You are asked to filter the data below and copy every line holding "bounded".
-------- EXERCISE DATA --------
(* For every $\epsilon>0$, every connected graph admits a proper straight-line drawing with spanning ratio smaller than $1+\epsilon$.
   Context: A straight-line drawing maps vertices to distinct points of the plane and edges to straight-line segments between their end-vertices; it is proper if no edge contains a vertex other than its end-vertices. In a straight-line drawing $\Gamma$, $\pi_\Gamma(u,v)$ is the minimum total Euclidean length of a path between $u$ and $v$, $\|uv\|_\Gamma$ is their Euclidean distance, and the spanning ratio is $\max_{u\neq v}\pi_\Gamma(u,v)/\|uv\|_\Gamma$. *)

theory Defs
  imports "HOL-Analysis.Analysis"
begin

definition simple_graph :: "'a set \<Rightarrow> ('a \<Rightarrow> 'a \<Rightarrow> bool) \<Rightarrow> bool" where
  "simple_graph V E \<longleftrightarrow> finite V \<and> (\<forall>u v. E u v \<longrightarrow> u \<in> V \<and> v \<in> V)
     \<and> (\<forall>u v. E u v \<longrightarrow> E v u) \<and> (\<forall>u. \<not> E u u)"

definition walk :: "'a set \<Rightarrow> ('a \<Rightarrow> 'a \<Rightarrow> bool) \<Rightarrow> 'a list \<Rightarrow> bool" where
  "walk V E xs \<longleftrightarrow> xs \<noteq> [] \<and> set xs \<subseteq> V \<and> (\<forall>i. Suc i < length xs \<longrightarrow> E (xs ! i) (xs ! Suc i))"

definition connected_graph :: "'a set \<Rightarrow> ('a \<Rightarrow> 'a \<Rightarrow> bool) \<Rightarrow> bool" where
  "connected_graph V E \<longleftrightarrow> simple_graph V E \<and>
     (\<forall>u\<in>V. \<forall>v\<in>V. \<exists>xs. walk V E xs \<and> hd xs = u \<and> last xs = v)"

definition straight_line_drawing :: "'a set \<Rightarrow> ('a \<Rightarrow> real^2) \<Rightarrow> bool" where
  "straight_line_drawing V \<Gamma> \<longleftrightarrow> inj_on \<Gamma> V"

definition proper_drawing :: "'a set \<Rightarrow> ('a \<Rightarrow> 'a \<Rightarrow> bool) \<Rightarrow> ('a \<Rightarrow> real^2) \<Rightarrow> bool" where
  "proper_drawing V E \<Gamma> \<longleftrightarrow> straight_line_drawing V \<Gamma> \<and>
     (\<forall>u v w. E u v \<and> w \<in> V \<and> w \<noteq> u \<and> w \<noteq> v \<longrightarrow> \<Gamma> w \<notin> closed_segment (\<Gamma> u) (\<Gamma> v))"

definition walk_length :: "('a \<Rightarrow> real^2) \<Rightarrow> 'a list \<Rightarrow> real" where
  "walk_length \<Gamma> xs = (\<Sum>i<length xs - 1. dist (\<Gamma> (xs ! i)) (\<Gamma> (xs ! Suc i)))"

definition path_dist :: "'a set \<Rightarrow> ('a \<Rightarrow> 'a \<Rightarrow> bool) \<Rightarrow> ('a \<Rightarrow> real^2) \<Rightarrow> 'a \<Rightarrow> 'a \<Rightarrow> real" where
  "path_dist V E \<Gamma> u v = Inf {walk_length \<Gamma> xs | xs. walk V E xs \<and> hd xs = u \<and> last xs = v}"

definition spanning_ratio :: "'a set \<Rightarrow> ('a \<Rightarrow> 'a \<Rightarrow> bool) \<Rightarrow> ('a \<Rightarrow> real^2) \<Rightarrow> real" where
  "spanning_ratio V E \<Gamma> = Max {path_dist V E \<Gamma> u v / dist (\<Gamma> u) (\<Gamma> v) | u v. u \<in> V \<and> v \<in> V \<and> u \<noteq> v}"
(* Let $A$ be any implementable allocation rule. Let $\pi_i : \mathcal V_i \to [0,\infty)$, $i = 1,\dots,n$, be measurable functions, and let $P^*$ be the payment rule in which a bidder $i$ with the largest value of $\pi_i(v_i)$ (ties broken by an arbitrary fixed rule) pays $\pi_i(v_i)$ and all other bidders pay $0$. If $P^*$ satisfies revenue equivalence, i.e. $\mathbb E[P_i^*(\bm v) \mid v_i] = z_i(v_i)$ for all $i, v_i$, then for every convex $g : \mathbb R \to \mathbb R$ and every (non-negative) payment rule $P$ implementing $A$, $\mathbb E[g(\sum_i P_i^*(\bm v))] \le \mathbb E[g(\sum_i P_i(\bm v))]$ (whenever these expectations exist).
   Context: Setting: $n$ risk-neutral unit-demand bidders and $k$ identical items, $1 \le k < n$. Bidder $i$ has private value $v_i \in \mathcal V_i = [0,\bar v_i]$, drawn independently across bidders from a distribution $F_i$ with density $f_i > 0$ on $\mathcal V_i$ (distributions may differ across bidders); $\bm v = (v_1,\dots,v_n)$, $\mathcal V = \prod_i \mathcal V_i$. An allocation rule is a measurable map $A : \mathcal V \to \{0,1\}^n$ with $\sum_i A_i(\bm v) \le k$. Its interim allocation is $x_i(v_i) = \mathbb E[A_i(\bm v) \mid v_i]$, and $A$ is called implementable if every $x_i$ is non-decreasing. Its interim payment function is $z_i(v_i) = v_i x_i(v_i) - \int_0^{v_i} x_i(u)\,du$. A payment rule is a measurable map $P : \mathcal V \to [0,\infty)^n$ (payments are non-negative). $P$ implements $A$ if $(A,P)$ is Bayesian incentive compatible, i.e. $\mathbb E[v_i A_i(\bm v) - P_i(\bm v) \mid v_i] \ge \mathbb E[v_i A_i(v_i',\bm v_{-i}) - P_i(v_i',\bm v_{-i}) \mid v_i]$ for all $i, v_i, v_i'$, and satisfies revenue equivalence $\mathbb E[P_i(\bm v) \mid v_i] = z_i(v_i)$ for all $i, v_i$. *)

theory Defs
  imports "HOL-Probability.Probability"
begin

definition bidder_dist :: "(nat \<Rightarrow> real \<Rightarrow> real) \<Rightarrow> (nat \<Rightarrow> real) \<Rightarrow> nat \<Rightarrow> real measure" where
  "bidder_dist f vb i = density (restrict_space lborel {0..vb i}) (\<lambda>x. ennreal (f i x))"

definition profile_dist :: "nat \<Rightarrow> (nat \<Rightarrow> real \<Rightarrow> real) \<Rightarrow> (nat \<Rightarrow> real) \<Rightarrow> (nat \<Rightarrow> real) measure" where
  "profile_dist n f vb = PiM {..<n} (bidder_dist f vb)"

text \<open>Interim expectation E[X(v) | v_i = u] (values independent across bidders).\<close>
definition interim :: "(nat \<Rightarrow> real) measure \<Rightarrow> ((nat \<Rightarrow> real) \<Rightarrow> real) \<Rightarrow> nat \<Rightarrow> real \<Rightarrow> real" where
  "interim \<Omega> X i u = (\<integral>v. X (v(i := u)) \<partial>\<Omega>)"

definition allocation_rule :: "nat \<Rightarrow> nat \<Rightarrow> (nat \<Rightarrow> real) measure \<Rightarrow> ((nat \<Rightarrow> real) \<Rightarrow> nat \<Rightarrow> real) \<Rightarrow> bool" where
  "allocation_rule n k \<Omega> A \<longleftrightarrow>
     (\<forall>i<n. (\<lambda>v. A v i) \<in> borel_measurable \<Omega>) \<and>
     (\<forall>v\<in>space \<Omega>. (\<forall>i<n. A v i \<in> {0, 1}) \<and> (\<Sum>i<n. A v i) \<le> real k)"

definition interim_alloc :: "(nat \<Rightarrow> real) measure \<Rightarrow> ((nat \<Rightarrow> real) \<Rightarrow> nat \<Rightarrow> real) \<Rightarrow> nat \<Rightarrow> real \<Rightarrow> real" where
  "interim_alloc \<Omega> A i = interim \<Omega> (\<lambda>v. A v i) i"

definition implementable :: "nat \<Rightarrow> (nat \<Rightarrow> real) \<Rightarrow> (nat \<Rightarrow> real) measure \<Rightarrow> ((nat \<Rightarrow> real) \<Rightarrow> nat \<Rightarrow> real) \<Rightarrow> bool" where
  "implementable n vb \<Omega> A \<longleftrightarrow> (\<forall>i<n. mono_on {0..vb i} (interim_alloc \<Omega> A i))"

definition interim_pay :: "(nat \<Rightarrow> real) measure \<Rightarrow> ((nat \<Rightarrow> real) \<Rightarrow> nat \<Rightarrow> real) \<Rightarrow> nat \<Rightarrow> real \<Rightarrow> real" where
  "interim_pay \<Omega> A i u = u * interim_alloc \<Omega> A i u - (LINT t:{0..u}|lborel. interim_alloc \<Omega> A i t)"

definition payment_rule :: "nat \<Rightarrow> (nat \<Rightarrow> real) measure \<Rightarrow> ((nat \<Rightarrow> real) \<Rightarrow> nat \<Rightarrow> real) \<Rightarrow> bool" where
  "payment_rule n \<Omega> P \<longleftrightarrow>
     (\<forall>i<n. (\<lambda>v. P v i) \<in> borel_measurable \<Omega>) \<and> (\<forall>v\<in>space \<Omega>. \<forall>i<n. 0 \<le> P v i)"

definition revenue_equiv :: "nat \<Rightarrow> (nat \<Rightarrow> real) \<Rightarrow> (nat \<Rightarrow> real) measure \<Rightarrow> ((nat \<Rightarrow> real) \<Rightarrow> nat \<Rightarrow> real) \<Rightarrow> ((nat \<Rightarrow> real) \<Rightarrow> nat \<Rightarrow> real) \<Rightarrow> bool" where
  "revenue_equiv n vb \<Omega> A P \<longleftrightarrow>
     (\<forall>i<n. \<forall>u\<in>{0..vb i}. integrable \<Omega> (\<lambda>v. P (v(i := u)) i) \<and>
        interim \<Omega> (\<lambda>v. P v i) i u = interim_pay \<Omega> A i u)"

definition BIC :: "nat \<Rightarrow> (nat \<Rightarrow> real) \<Rightarrow> (nat \<Rightarrow> real) measure \<Rightarrow> ((nat \<Rightarrow> real) \<Rightarrow> nat \<Rightarrow> real) \<Rightarrow> ((nat \<Rightarrow> real) \<Rightarrow> nat \<Rightarrow> real) \<Rightarrow> bool" where
  "BIC n vb \<Omega> A P \<longleftrightarrow>
     (\<forall>i<n. \<forall>u\<in>{0..vb i}. \<forall>u'\<in>{0..vb i}.
        (\<integral>v. u * A (v(i := u')) i - P (v(i := u')) i \<partial>\<Omega>)
          \<le> (\<integral>v. u * A (v(i := u)) i - P (v(i := u)) i \<partial>\<Omega>))"

definition implements :: "nat \<Rightarrow> (nat \<Rightarrow> real) \<Rightarrow> (nat \<Rightarrow> real) measure \<Rightarrow> ((nat \<Rightarrow> real) \<Rightarrow> nat \<Rightarrow> real) \<Rightarrow> ((nat \<Rightarrow> real) \<Rightarrow> nat \<Rightarrow> real) \<Rightarrow> bool" where
  "implements n vb \<Omega> P A \<longleftrightarrow> payment_rule n \<Omega> P \<and> BIC n vb \<Omega> A P \<and> revenue_equiv n vb \<Omega> A P"

text \<open>P* : some bidder w with maximal pi_w(v_w) (chosen by a fixed measurable tie-breaking
  rule, encoded in Pstar itself) pays pi_w(v_w), everybody else pays 0.\<close>
definition highest_pi_payment :: "nat \<Rightarrow> (nat \<Rightarrow> real) measure \<Rightarrow> (nat \<Rightarrow> real \<Rightarrow> real) \<Rightarrow> ((nat \<Rightarrow> real) \<Rightarrow> nat \<Rightarrow> real) \<Rightarrow> bool" where
  "highest_pi_payment n \<Omega> \<pi> Pstar \<longleftrightarrow>
     payment_rule n \<Omega> Pstar \<and>
     (\<forall>v\<in>space \<Omega>. \<exists>w<n. (\<forall>j<n. \<pi> j (v j) \<le> \<pi> w (v w)) \<and> Pstar v w = \<pi> w (v w) \<and>
                        (\<forall>j<n. j \<noteq> w \<longrightarrow> Pstar v j = 0))"

end

theory Submission
  imports Defs
begin

text \<open>Write S* and S for the total payments under Pstar and P. Since the winner under Pstar
  pays the largest \<pi>-value, S* = max_j \<pi> j (v j). Revenue equivalence of both rules gives
  E[w(v_j) Pstar_j] = E[w(v_j) P_j] for every bounded weight w of bidder j's own value; taking
  w = \<psi> \<circ> \<pi> j for a bounded monotone \<psi> \<ge> 0 and using \<pi> j (v j) \<le> S*, this yields
  E[S*] = E[S] and E[\<psi>(S*) S*] \<le> E[\<psi>(S*) S]. For convex g with a bounded right derivative
  g' this means E[g(S)] - E[g(S*)] \<ge> E[g'(S*) (S - S*)] \<ge> 0; a general convex g is reached
  by replacing it by its tangent beyond c and letting c \<rightarrow> \<infinity> (dominated convergence).\<close>

definition right_deriv :: "(real \<Rightarrow> real) \<Rightarrow> real \<Rightarrow> real" where
  "right_deriv g x = Inf ((\<lambda>t. (g x - g t) / (x - t)) ` {x<..})"

lemma convex_on_ge_right_deriv:
  assumes "convex_on UNIV g"
  shows "g x + right_deriv g x * (y - x) \<le> g y"
  using convex_le_Inf_differential[OF assms, of x y] unfolding right_deriv_def by simp

lemma right_deriv_le_slope:
  assumes g: "convex_on UNIV g" and "x < t"
  shows "right_deriv g x \<le> (g x - g t) / (x - t)"
  unfolding right_deriv_def
proof (rule cInf_lower)
  show "bdd_below ((\<lambda>t. (g x - g t) / (x - t)) ` {x<..})"
  proof (rule bdd_belowI2)
    fix t assume "t \<in> {x<..}"
    then show "(g (x - 1) - g x) / ((x - 1) - x) \<le> (g x - g t) / (x - t)"
      using convex_on_slope_le[OF g, of "x - 1" t x] by auto
  qed
qed (use assms in auto)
--------
OUTPUT FOR THIS TASK -
  E[w(v_j) Pstar_j] = E[w(v_j) P_j] for every bounded weight w of bidder j's own value; taking
  w = \<psi> \<circ> \<pi> j for a bounded monotone \<psi> \<ge> 0 and using \<pi> j (v j) \<le> S*, this yields
  E[S*] = E[S] and E[\<psi>(S*) S*] \<le> E[\<psi>(S*) S]. For convex g with a bounded right derivative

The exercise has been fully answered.